(* Let $(S,d)$ be a finite metric space partitioned into two disjoint groups $S=S_1\cup S_2$, let $k_1,k_2$ be nonnegative integers with $k=k_1+k_2$, and let $r^*$ be the optimal radius of the fair $k$-center problem. Suppose the points arrive in a stream in which all points of $S_1$ arrive before all points of $S_2$, and let $\Gamma_1',\Gamma_2',\Gamma_{sub}$ be the sets produced by Algorithm B (described in the context) with $\lambda=2r^*$. Then: (1) $|\Gamma_1'|+|\Gamma_2'|\le k$; (2) $|\Gamma_2'|\le k_2$; (3) there exists a subset $\Gamma_1''\subseteq\Gamma_1'$ such that every $c\in\Gamma_1''$ has a replacement $\sigma(c)\in\Gamma_{sub}$ (so $d(c,\sigma(c))\le r^*$), and, with $\Gamma'_{sub}=\{\sigma(c): c\in\Gamma_1''\}\subseteq\Gamma_{sub}$, we have $|((\Gamma_1'\setminus\Gamma_1'')\cup\Gamma'_{sub})\cap S_1|\le k_1$.
   Context: Fair $k$-center: $C\subseteq S$ is feasible if $|C\cap S_l|\le k_l$ for $l=1,2$; cost $\max_{s\in S}d(s,C)$, $d(s,C)=\min_{c\in C}d(s,c)$, $d(s,\emptyset)=\infty$; $r^*$ is the minimum cost over feasible $C$. Algorithm B (parameter $\lambda=2r^*$): initialize $\Gamma_1'=\Gamma_2'=\Gamma_{sub}=\emptyset$. Upon each arriving $i\in S_1$: if $d(i,\Gamma_1')>\lambda$, add $i$ to $\Gamma_1'$. Upon each arriving $i\in S_2$: if $|\Gamma_1'|\le k_1$, then add $i$ to $\Gamma_2'$ iff $d(i,\Gamma_1')>3\lambda/2$ and $d(i,\Gamma_2')>\lambda$; otherwise ($|\Gamma_1'|>k_1$), add $i$ to $\Gamma_2'$ iff $d(i,\Gamma_1'\cup\Gamma_2')>\lambda$, and, in addition, if there is a point $j\in\Gamma_1'$ that has no replacement yet and satisfies $d(i,j)\le\lambda/2$, add $i$ to $\Gamma_{sub}$ and designate $i$ as the replacement $\sigma(j)$ of such a $j$. Output $\Gamma_1',\Gamma_2',\Gamma_{sub}$. *)

theory Defs
  imports "HOL-Library.Extended_Real"
begin

text \<open>Distance from a point to a set: d(s,C) = min over C, with d(s,{}) = infinity.\<close>
definition dset :: "('a \<Rightarrow> 'a \<Rightarrow> real) \<Rightarrow> 'a \<Rightarrow> 'a set \<Rightarrow> ereal" where
  "dset d s C = (INF c\<in>C. ereal (d s c))"

definition fk_cost :: "('a \<Rightarrow> 'a \<Rightarrow> real) \<Rightarrow> 'a set \<Rightarrow> 'a set \<Rightarrow> ereal" where
  "fk_cost d S C = (SUP s\<in>S. dset d s C)"

definition fair_feasible :: "'a set \<Rightarrow> 'a set \<Rightarrow> nat \<Rightarrow> nat \<Rightarrow> 'a set \<Rightarrow> bool" where
  "fair_feasible S1 S2 k1 k2 C \<longleftrightarrow>
     C \<subseteq> S1 \<union> S2 \<and> card (C \<inter> S1) \<le> k1 \<and> card (C \<inter> S2) \<le> k2"

definition fair_opt :: "('a \<Rightarrow> 'a \<Rightarrow> real) \<Rightarrow> 'a set \<Rightarrow> 'a set \<Rightarrow> nat \<Rightarrow> nat \<Rightarrow> ereal" where
  "fair_opt d S1 S2 k1 k2 =
     (INF C\<in>{C. fair_feasible S1 S2 k1 k2 C}. fk_cost d (S1 \<union> S2) C)"

text \<open>State: (Gamma1', Gamma2', Gamma_sub, sigma),
  where sigma j = Some i means i is the designated replacement of j.  The choice of j
  (when several qualify) is left nondeterministic.\<close>
definition stepB :: "('a \<Rightarrow> 'a \<Rightarrow> real) \<Rightarrow> ereal \<Rightarrow> nat \<Rightarrow> 'a set \<Rightarrow> 'a set \<Rightarrow>
    'a set \<times> 'a set \<times> 'a set \<times> ('a \<Rightarrow> 'a option) \<Rightarrow> 'a \<Rightarrow>
    'a set \<times> 'a set \<times> 'a set \<times> ('a \<Rightarrow> 'a option) \<Rightarrow> bool" where
  "stepB d lam k1 S1 S2 st i st' \<longleftrightarrow>
     (case st of (G1, G2, Gs, \<sigma>) \<Rightarrow> case st' of (G1', G2', Gs', \<sigma>') \<Rightarrow>
       (i \<in> S1 \<and>
          G1' = (if lam < dset d i G1 then insert i G1 else G1) \<and>
          G2' = G2 \<and> Gs' = Gs \<and> \<sigma>' = \<sigma>)
     \<or> (i \<in> S2 \<and> card G1 \<le> k1 \<and> G1' = G1 \<and>
          G2' = (if 3 * lam / 2 < dset d i G1 \<and> lam < dset d i G2 then insert i G2 else G2) \<and>
          Gs' = Gs \<and> \<sigma>' = \<sigma>)
     \<or> (i \<in> S2 \<and> k1 < card G1 \<and> G1' = G1 \<and>
          G2' = (if lam < dset d i (G1 \<union> G2) then insert i G2 else G2) \<and>
          ((\<exists>j\<in>G1. \<sigma> j = None \<and> ereal (d i j) \<le> lam / 2 \<and>
                Gs' = insert i Gs \<and> \<sigma>' = \<sigma>(j := Some i))
           \<or> ((\<not> (\<exists>j\<in>G1. \<sigma> j = None \<and> ereal (d i j) \<le> lam / 2)) \<and>
                Gs' = Gs \<and> \<sigma>' = \<sigma>))))"

inductive runB :: "('a \<Rightarrow> 'a \<Rightarrow> real) \<Rightarrow> ereal \<Rightarrow> nat \<Rightarrow> 'a set \<Rightarrow> 'a set \<Rightarrow> 'a list \<Rightarrow>
    'a set \<times> 'a set \<times> 'a set \<times> ('a \<Rightarrow> 'a option) \<Rightarrow> bool"
  for d lam k1 S1 S2 where
  init: "runB d lam k1 S1 S2 [] ({}, {}, {}, (\<lambda>_. None))"
| step: "runB d lam k1 S1 S2 xs st \<Longrightarrow> stepB d lam k1 S1 S2 st x st' \<Longrightarrow>
         runB d lam k1 S1 S2 (xs @ [x]) st'"

end

theory Submission
  imports Defs
begin

(*
  Suppose r* is finite and let C be an optimal fair solution, so that every point lies within
  r* of C. Algorithm B keeps the centers of Gamma1' and Gamma2' pairwise more than 2 r* apart,
  hence sending each of them to a point of C within distance r* is injective; this gives (1).
  While |Gamma1'| <= k1, the centers of Gamma2' are more than 3 r* away from Gamma1', whereas
  every point of S1 is within 2 r* of Gamma1'; so they are sent into C \<inter> S2, which gives (2).
  Once |Gamma1'| > k1, every arriving point of S2 within r* of a center j of Gamma1' replaces j
  unless j already has a replacement; so the centers of Gamma1' left without replacement are
  sent into C \<inter> S1, and (3) holds with Gamma1'' the set of replaced centers.
  If r* is infinite, the algorithm never opens a center.
*)

lemma ereal_less_dset_iff:
  "finite C \<Longrightarrow> ereal a < dset d s C \<longleftrightarrow> (\<forall>c\<in>C. a < d s c)"
  by (cases "C = {}") (simp_all add: dset_def finite_less_Inf_iff top_ereal_def)

lemma dset_le_ereal_iff:
  "finite C \<Longrightarrow> dset d s C \<le> ereal a \<longleftrightarrow> (\<exists>c\<in>C. d s c \<le> a)"
  by (cases "C = {}") (simp_all add: dset_def cInf_eq_Min Min_le_iff top_ereal_def)

lemma fair_opt_attained:
  assumes "finite (S1 \<union> S2)"
  obtains C
  where "fair_feasible S1 S2 k1 k2 C" "fair_opt d S1 S2 k1 k2 = fk_cost d (S1 \<union> S2) C"
proof -
  let ?F = "{C. fair_feasible S1 S2 k1 k2 C}"
  have "finite ?F"
    using assms by (auto simp: fair_feasible_def intro: finite_subset[of _ "Pow (S1 \<union> S2)"])
  moreover have "{} \<in> ?F" by (simp add: fair_feasible_def)
  ultimately have "fair_opt d S1 S2 k1 k2 \<in> fk_cost d (S1 \<union> S2) ` ?F"
    unfolding fair_opt_def by (subst cInf_eq_Min) (auto intro: Min_in)
  then show thesis using that by blast
qed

• _TASK INSTRUCTIONS_
Among the lines above, which hold the word "centers"? Report each one.

• _SOLUTION FOR THIS EXERCISE_
  r* of C. Algorithm B keeps the centers of Gamma1' and Gamma2' pairwise more than 2 r* apart,
  While |Gamma1'| <= k1, the centers of Gamma2' are more than 3 r* away from Gamma1', whereas
  unless j already has a replacement; so the centers of Gamma1' left without replacement are
  sent into C \<inter> S1, and (3) holds with Gamma1'' the set of replaced centers.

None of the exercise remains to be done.